Споры ни к чему не вели, лишь зарождали и растравляли у супругов неприязнь друг к другу. Месяца три назад жена жестоко обидела Илью Захаровича.
- Какая выставка, какая выставка! – говорила жена ядовитым тоном со змеиной усмешечкой на устах. – Ты трезво посмотри на свои творения. Разве это искусство! Это мазня, лубок. Твоим картинам место не на выставке, а на блошином рынке.
Этого Илья Захарович вынести не мог. Супруги развелись.
На этюды Ванеев приезжал боле десяти лет, то ежегодно, то через год – два. Останавливался у закадычного друга Станислава Георгиевича Жарикова, главного редактора районной газеты. Тот и заманил его сюда, расписав местные красоты. Мечтой Ванеева было написать Красные ворота. «Голубое озеро» называли шедевром, и купили за хорошие деньги. (Илья Захарович не хотел продавать, берёг для выставки. Выставка отодвигалась, а жить на что-то надо. Себе оставил этюд). А вот с Воротами не ладилось. По задумке Ворота должны выглядеть алыми и лучезарными. Получались заурядные скалы бордового цвета.
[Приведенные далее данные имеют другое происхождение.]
(* Let $\mathcal G=(\mathcal V,\mathcal E,W)$ be a network, $h\in\mathbb{R}^{\mathcal V}$, and consider the SNC game with binary actions on $\mathcal G$ with external field $h$. Let $\mathcal V=\mathcal R\cup\mathcal S$, $\mathcal R\cap\mathcal S=\emptyset$, be a binary partition such that $\mathcal G_{\mathcal R}$ is structurally balanced and $\mathcal G_{\mathcal S}$ is undirected, and let $\tau\in\{\pm1\}^{\mathcal R}$ be such that $\mathcal G_{\mathcal R}^{[\tau]}$ is unsigned. Let $h^-,h^+\in\mathbb{R}^{\mathcal R}$ be given by $h_i^+=\tau_ih_i+w_i^{\mathcal S}$ and $h_i^-=\tau_ih_i-w_i^{\mathcal S}$ for $i\in\mathcal R$. If $\mathcal G_{\mathcal R}$ is $(h^-,h^+)$-indecomposable and $w_i^{\mathcal R}-|h_i|>w_i^{\mathcal S}$ for all $i\in\mathcal R$, then there exists a globally BR-stable subset of the set of Nash equilibria of the game.
   Context: A network is a triple $\mathcal G=(\mathcal V,\mathcal E,W)$ where $\mathcal V$ is a finite nonempty set, $\mathcal E\subseteq\mathcal V\times\mathcal V$, and $W\in\mathbb{R}^{\mathcal V\times\mathcal V}$ has zero diagonal and satisfies $W_{ij}\neq0$ iff $(i,j)\in\mathcal E$ (weights may have either sign). It is unsigned if $W\ge0$ entrywise and undirected if its weight matrix is symmetric. For $\mathcal U\subseteq\mathcal V$, the subnetwork $\mathcal G_{\mathcal U}$ has node set $\mathcal U$, links $\mathcal E\cap(\mathcal U\times\mathcal U)$ and weight matrix $W_{\mathcal U\mathcal U}$. A network is structurally balanced if its node set can be written as a disjoint union of two sets with nonnegative weights on links within each set and nonpositive weights on links between the two sets. For $\tau\in\{\pm1\}^{\mathcal R}$, $\mathcal G_{\mathcal R}^{[\tau]}$ is the network with the same nodes and links as $\mathcal G_{\mathcal R}$ and weight matrix $[\tau]W_{\mathcal R\mathcal R}[\tau]$, where $[\tau]$ is the diagonal matrix with diagonal $\tau$. For $i\in\mathcal V$ and $\mathcal B\subseteq\mathcal V$, $w_i^{\mathcal B}=\sum_{j\in\mathcal B}|W_{ij}|$. Indecomposability: a network with node set $\mathcal U$ and $h^-\le h^+$ in $\mathbb{R}^{\mathcal U}$ is $(h^-,h^+)$-indecomposable if for every partition $\mathcal U=\mathcal U^-\cup\mathcal U^+$ into two disjoint nonempty sets there is a node $i$ with either $i\in\mathcal U^+$ and $w_i^{\mathcal U^+}+h_i^+<w_i^{\mathcal U^-}$, or $i\in\mathcal U^-$ and $w_i^{\mathcal U^-}-h_i^-<w_i^{\mathcal U^+}$. The SNC game with binary actions on $\mathcal G$ with external field $h\in\mathbb{R}^{\mathcal V}$ has player set $\mathcal V$, action set $\{-1,+1\}$ for each player, strategy profiles $\mathcal X=\{\pm1\}^{\mathcal V}$, and utilities $u_i(x)=h_ix_i+x_i\sum_{j\in\mathcal V}W_{ij}x_j$. Best responses $\mathcal B_i(x_{-i})=\arg\max_{x_i\in\{\pm1\}}u_i(x_i,x_{-i})$; Nash equilibrium: $x^*_i\in\mathcal B_i(x^*_{-i})$ for all $i$. A BR-path of length $l\ge0$ from $x$ to $y$ is a sequence $x^{(0)}=x,\dots,x^{(l)}=y$ such that for each $k$ some player $i_k$ has $x^{(k)}_{-i_k}=x^{(k-1)}_{-i_k}$ and $x^{(k)}_{i_k}\in\mathcal B_{i_k}(x^{(k-1)}_{-i_k})\setminus\{x^{(k-1)}_{i_k}\}$. A set $\mathcal X^*\subseteq\mathcal X$ is globally BR-reachable if from every profile there is a BR-path to some element of $\mathcal X^*$; BR-invariant if there is no BR-path from an element of $\mathcal X^*$ to an element outside; globally BR-stable if both. *)

theory Defs
  imports Complex_Main
begin

text \<open>A network on node set V with weight matrix W (edges are the pairs with nonzero
weight, so they are determined by W).\<close>
definition network :: "'v set \<Rightarrow> ('v \<Rightarrow> 'v \<Rightarrow> real) \<Rightarrow> bool" where
  "network V W \<longleftrightarrow> finite V \<and> V \<noteq> {} \<and> (\<forall>i\<in>V. W i i = 0)"

definition wsum :: "('v \<Rightarrow> 'v \<Rightarrow> real) \<Rightarrow> 'v \<Rightarrow> 'v set \<Rightarrow> real" where
  "wsum W i B = (\<Sum>j\<in>B. \<bar>W i j\<bar>)"

definition structurally_balanced :: "'v set \<Rightarrow> ('v \<Rightarrow> 'v \<Rightarrow> real) \<Rightarrow> bool" where
  "structurally_balanced U W \<longleftrightarrow>
     (\<exists>A B. A \<union> B = U \<and> A \<inter> B = {} \<and>
        (\<forall>i\<in>U. \<forall>j\<in>U. ((i \<in> A \<longleftrightarrow> j \<in> A) \<longrightarrow> W i j \<ge> 0) \<and>
                      ((i \<in> A \<longleftrightarrow> j \<notin> A) \<longrightarrow> W i j \<le> 0)))"

definition undirected_on :: "'v set \<Rightarrow> ('v \<Rightarrow> 'v \<Rightarrow> real) \<Rightarrow> bool" where
  "undirected_on U W \<longleftrightarrow> (\<forall>i\<in>U. \<forall>j\<in>U. W i j = W j i)"

definition gauge_unsigned :: "'v set \<Rightarrow> ('v \<Rightarrow> 'v \<Rightarrow> real) \<Rightarrow> ('v \<Rightarrow> real) \<Rightarrow> bool" where
  "gauge_unsigned U W tau \<longleftrightarrow> (\<forall>i\<in>U. \<forall>j\<in>U. tau i * W i j * tau j \<ge> 0)"

definition indecomposable ::
  "'v set \<Rightarrow> ('v \<Rightarrow> 'v \<Rightarrow> real) \<Rightarrow> ('v \<Rightarrow> real) \<Rightarrow> ('v \<Rightarrow> real) \<Rightarrow> bool" where
  "indecomposable U W hm hp \<longleftrightarrow>
     (\<forall>Um Up. Um \<union> Up = U \<and> Um \<inter> Up = {} \<and> Um \<noteq> {} \<and> Up \<noteq> {} \<longrightarrow>
        (\<exists>i. (i \<in> Up \<and> wsum W i Up + hp i < wsum W i Um) \<or>
             (i \<in> Um \<and> wsum W i Um - hm i < wsum W i Up)))"

definition profiles :: "'v set \<Rightarrow> ('v \<Rightarrow> real) set" where
  "profiles V = {x. (\<forall>i\<in>V. x i = -1 \<or> x i = 1) \<and> (\<forall>i. i \<notin> V \<longrightarrow> x i = 0)}"

definition utility :: "'v set \<Rightarrow> ('v \<Rightarrow> 'v \<Rightarrow> real) \<Rightarrow> ('v \<Rightarrow> real) \<Rightarrow> 'v \<Rightarrow> ('v \<Rightarrow> real) \<Rightarrow> real" where
  "utility V W h i x = h i * x i + x i * (\<Sum>j\<in>V. W i j * x j)"

definition best_resp :: "'v set \<Rightarrow> ('v \<Rightarrow> 'v \<Rightarrow> real) \<Rightarrow> ('v \<Rightarrow> real) \<Rightarrow> 'v \<Rightarrow> ('v \<Rightarrow> real) \<Rightarrow> real set" where
  "best_resp V W h i x = {a \<in> {-1, 1}. \<forall>b\<in>{-1, 1}.
      utility V W h i (x(i := b)) \<le> utility V W h i (x(i := a))}"

definition nash :: "'v set \<Rightarrow> ('v \<Rightarrow> 'v \<Rightarrow> real) \<Rightarrow> ('v \<Rightarrow> real) \<Rightarrow> ('v \<Rightarrow> real) set" where
  "nash V W h = {x \<in> profiles V. \<forall>i\<in>V. x i \<in> best_resp V W h i x}"

definition br_step :: "'v set \<Rightarrow> ('v \<Rightarrow> 'v \<Rightarrow> real) \<Rightarrow> ('v \<Rightarrow> real) \<Rightarrow> ('v \<Rightarrow> real) \<Rightarrow> ('v \<Rightarrow> real) \<Rightarrow> bool" where
  "br_step V W h x y \<longleftrightarrow> (\<exists>i\<in>V. y = x(i := y i) \<and> y i \<in> best_resp V W h i x \<and> y i \<noteq> x i)"

definition br_path :: "'v set \<Rightarrow> ('v \<Rightarrow> 'v \<Rightarrow> real) \<Rightarrow> ('v \<Rightarrow> real) \<Rightarrow> ('v \<Rightarrow> real) \<Rightarrow> ('v \<Rightarrow> real) \<Rightarrow> bool" where
  "br_path V W h = (br_step V W h)\<^sup>*\<^sup>*"

definition globally_BR_reachable :: "'v set \<Rightarrow> ('v \<Rightarrow> 'v \<Rightarrow> real) \<Rightarrow> ('v \<Rightarrow> real) \<Rightarrow> ('v \<Rightarrow> real) set \<Rightarrow> bool" where
  "globally_BR_reachable V W h X \<longleftrightarrow> (\<forall>x\<in>profiles V. \<exists>y\<in>X. br_path V W h x y)"

definition BR_invariant :: "'v set \<Rightarrow> ('v \<Rightarrow> 'v \<Rightarrow> real) \<Rightarrow> ('v \<Rightarrow> real) \<Rightarrow> ('v \<Rightarrow> real) set \<Rightarrow> bool" where
  "BR_invariant V W h X \<longleftrightarrow> (\<forall>x\<in>X. \<forall>y. br_path V W h x y \<longrightarrow> y \<in> X)"

definition globally_BR_stable :: "'v set \<Rightarrow> ('v \<Rightarrow> 'v \<Rightarrow> real) \<Rightarrow> ('v \<Rightarrow> real) \<Rightarrow> ('v \<Rightarrow> real) set \<Rightarrow> bool" where
  "globally_BR_stable V W h X \<longleftrightarrow> globally_BR_reachable V W h X \<and> BR_invariant V W h X"

end

theory Submission
  imports Defs
begin

(* Conjugating by the gauge \<tau>, the dynamics on R only sees the set A of nodes of R whose
   action agrees with \<tau>: whatever S plays, a node of A may leave it when w^A + h^+ < w^(R-A),
   and a node outside A may join it when w^(R-A) - h^- < w^A. Flipping greedily out of A and,
   once no node wants to leave, into A, indecomposability drives A to the empty set or to R.
   At such a consensus the margin w^R - |h| > w^S locks every node of R, so afterwards only S
   moves, and on S the symmetric weights give an exact potential. A potential maximiser among
   the profiles reachable from the consensus is absorbing: every best-response path from it
   stays among Nash equilibria. The absorbing profiles form a globally BR-stable set. *)

definition local_field :: "'v set \<Rightarrow> ('v \<Rightarrow> 'v \<Rightarrow> real) \<Rightarrow> ('v \<Rightarrow> real) \<Rightarrow> ('v \<Rightarrow> real) \<Rightarrow> 'v \<Rightarrow> real" where
  "local_field V W h x i = h i + (\<Sum>j\<in>V. W i j * x j)"

lemma local_field_fun_upd_self:
  assumes "W i i = 0"
  shows "local_field V W h (x(i := b)) i = local_field V W h x i"
  unfolding local_field_def using assms by (auto intro!: sum.cong)

lemma utility_fun_upd_self:
  assumes "W i i = 0"
  shows "utility V W h i (x(i := b)) = b * local_field V W h x i"
proof -
  have "utility V W h i (x(i := b)) = b * local_field V W h (x(i := b)) i"
    unfolding utility_def local_field_def by (simp add: algebra_simps)
  then show ?thesis
    using local_field_fun_upd_self[of W i, OF assms] by simp
qed

lemma best_resp_iff:
  assumes "W i i = 0"
  shows "a \<in> best_resp V W h i x \<longleftrightarrow> a \<in> {-1, 1} \<and> a * local_field V W h x i \<ge> 0"
  unfolding best_resp_def utility_fun_upd_self[of W i, OF assms] by auto

lemma profiles_value: "x \<in> profiles V \<Longrightarrow> i \<in> V \<Longrightarrow> x i = -1 \<or> x i = 1"
  unfolding profiles_def by auto

lemma profiles_flip: "x \<in> profiles V \<Longrightarrow> i \<in> V \<Longrightarrow> x(i := - x i) \<in> profiles V"
  unfolding profiles_def by auto

lemma finite_profiles:
  assumes "finite V"
  shows "finite (profiles V)"
proof (rule finite_subset)
  show "profiles V \<subseteq> {x. \<forall>i. (i \<in> V \<longrightarrow> x i \<in> {-1, 1}) \<and> (i \<notin> V \<longrightarrow> x i = 0)}"
    unfolding profiles_def by auto
  show "finite {x. \<forall>i. (i \<in> V \<longrightarrow> x i \<in> {-1, 1::real}) \<and> (i \<notin> V \<longrightarrow> x i = 0)}"
    using assms by (rule finite_set_of_finite_funs) simp
qed

lemma br_step_iff:
  assumes "network V W" and "x \<in> profiles V"
  shows "br_step V W h x y \<longleftrightarrow> (\<exists>i\<in>V. y = x(i := - x i) \<and> x i * local_field V W h x i \<le> 0)"
proof -
  have flip: "a \<in> best_resp V W h i x \<and> a \<noteq> x i \<longleftrightarrow> a = - x i \<and> x i * local_field V W h x i \<le> 0"
    if "i \<in> V" for i a
  proof -
    have "W i i = 0" using assms(1) that unfolding network_def by blast
    then show ?thesis
      using best_resp_iff[of W i a V h x] profiles_value[OF assms(2) that] by auto
  qed
  show ?thesis
  proof
    assume "br_step V W h x y"
    then obtain i where "i \<in> V" "y = x(i := y i)" "y i \<in> best_resp V W h i x" "y i \<noteq> x i"
      unfolding br_step_def by blast
    with flip show "\<exists>i\<in>V. y = x(i := - x i) \<and> x i * local_field V W h x i \<le> 0"
      by metis
  next
    assume "\<exists>i\<in>V. y = x(i := - x i) \<and> x i * local_field V W h x i \<le> 0"
    then obtain i where "i \<in> V" "y = x(i := - x i)" "x i * local_field V W h x i \<le> 0"
      by blast
    with flip show "br_step V W h x y"
      unfolding br_step_def by auto
  qed
qed

lemma br_path_profiles:
  assumes "network V W" and "br_path V W h x y" and "x \<in> profiles V"
  shows "y \<in> profiles V"
  using assms(2,3) unfolding br_path_def
  by (induction rule: rtranclp_induct) (auto simp: br_step_iff[OF assms(1)] intro: profiles_flip)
В одно лето Ванеев часами просиживал у Ворот, улавливая светотени при утреннем, полуденном и вечернем солнце. Смешивал по-новому краски, накладывал мазки, но не получалось. Опускались руки, художник злился, раздражался на весь белый свет. Красные ворота превратились для него в своего рода навязчивую идею.
Жена Жарикова, Екатерина Прокофьевна, работала хирургом в межрайонной больнице. Супруги Жариковы были людьми гостеприимными и хлебосольными. Дня не проходило без гостей. Едва ли не ежевечерне кто-нибудь толокся на кухне или в гостиной. Суббота была своеобразным «приёмным» днём. Приходили медики, работники редакции. Каждый приносил коробку конфет, а чаще бутылку сухого или десертного вина. Пили немного, и у Станислава Георгиевича скопилось разливанное море болгарских вин: «Золотых песков», «Варны», «Бисера». Болтали о всякой всячине, рассказывали анекдоты и забавные происшествия. Разгадывали ребус, зачем главный санитарный врач носит фонендоскоп. После пары бокалов хозяин бренчал на гитаре. Добрейшая Софья Алексеевна, тёща Жарикова, потчевала гостей сочными котлетами, изготовленными по собственному рецепту и пирожками со всевозможной начинкой. Ванеев сыпал шутками и игрой слов, и очаровывал дам. Художник не блистал ни красотой, ни телосложением, брал остроумием. На последних посиделках Илья Захарович заворожился молодой докторшей Мариной. Уныние после развода с женой развеялось. Марина была рослой девицей, но не толстухой. Телосложение было соразмерно росту. От округлой плоти, натянувшей лёгкую ткань на груди, круглого лица, длинных загнутых ресниц, беломраморной шеи, русой косы, ямочек на румяных щеках Илья Захарович пришёл в восторг. К тому же Марина смотрела на него понимающе и сочувственно, улыбаясь при этом сочными губами. В разговоре Илья Захарович обронил, что завтра, в воскресенье отправляется на этюды, и Марина вызвалась сопровождать его.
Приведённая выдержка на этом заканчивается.